### Data
theorem proposition3p6:
  fixes chi :: "'a::{field,finite} \<Rightarrow> complex" and p s d :: nat
  assumes "d > 1"
    and "prime p" and "odd p" and "CHAR('a) = p"
    and "CARD('a) = p ^ (2 * s)"
    and "CARD('a) mod (2 * d) = 1"
    and "mult_char chi" and "char_order chi = d"
    and "real (gp_clique_number d TYPE('a)) = sqrt (real CARD('a))"
  shows "\<forall>j::nat. j > 0 \<longrightarrow> pure (gauss_sum p (2 * s) (char_pow chi j))"
proof (intro allI impI)
  fix j :: nat
  have card: "CARD('a) = CHAR('a) ^ (2 * s)" and q: "CARD('a) = (p ^ s) ^ 2"
    using assms(4,5) by (simp_all add: power_mult mult.commute)
  show "pure (gauss_sum p (2 * s) (char_pow chi j))"
  proof (cases "\<forall>x. x \<noteq> 0 \<longrightarrow> chi x ^ j = 1")
    case True
    thus ?thesis
      using gauss_sum_trivial_char[OF card] assms(4) by (simp add: char_pow_trivial pure_if_power_real[of 1])
  next
    case False
    interpret nontrivial_mult_char "2 * s" "char_pow chi j"
      by (rule nontrivial_mult_char_char_pow[OF card assms(7) False])
    have "gp_clique_number d TYPE('a) = p ^ s"
      using assms(9) q by simp
    then obtain A :: "'a set" where A: "gp_clique d A" "card A = p ^ s"
      using ex_gp_clique_card_eq_clique_number[where 'a='a, of d] by metis
    then obtain c where c: "c \<noteq> 0" "char_pow chi j c = G / of_nat (p ^ s)"
      using clique_imp_gauss_sum_div_is_char_value[OF q] char_pow_gp_clique_diff[OF assms(7,8)]
      by blast
    have "(G / of_nat (p ^ s)) ^ d = 1"
      using char_pow_power_order[OF assms(7) c(1), of j] unfolding c(2) assms(8) .
    hence "G ^ d = of_nat (p ^ s) ^ d"
      using assms(2) by (simp add: power_divide prime_gt_0_nat)
    thus ?thesis
      using pure_if_power_real[of d G] assms(1,4) by simp
  qed
qed

end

### Task details
Once you find the line with "mod (2 * d)" above, print it and every line after it up to and including the line with "then obtain A", exactly as written and nothing else.

### Response box
    and "CARD('a) mod (2 * d) = 1"
    and "mult_char chi" and "char_order chi = d"
    and "real (gp_clique_number d TYPE('a)) = sqrt (real CARD('a))"
  shows "\<forall>j::nat. j > 0 \<longrightarrow> pure (gauss_sum p (2 * s) (char_pow chi j))"
proof (intro allI impI)
  fix j :: nat
  have card: "CARD('a) = CHAR('a) ^ (2 * s)" and q: "CARD('a) = (p ^ s) ^ 2"
    using assms(4,5) by (simp_all add: power_mult mult.commute)
  show "pure (gauss_sum p (2 * s) (char_pow chi j))"
  proof (cases "\<forall>x. x \<noteq> 0 \<longrightarrow> chi x ^ j = 1")
    case True
    thus ?thesis
      using gauss_sum_trivial_char[OF card] assms(4) by (simp add: char_pow_trivial pure_if_power_real[of 1])
  next
    case False
    interpret nontrivial_mult_char "2 * s" "char_pow chi j"
      by (rule nontrivial_mult_char_char_pow[OF card assms(7) False])
    have "gp_clique_number d TYPE('a) = p ^ s"
      using assms(9) q by simp
    then obtain A :: "'a set" where A: "gp_clique d A" "card A = p ^ s"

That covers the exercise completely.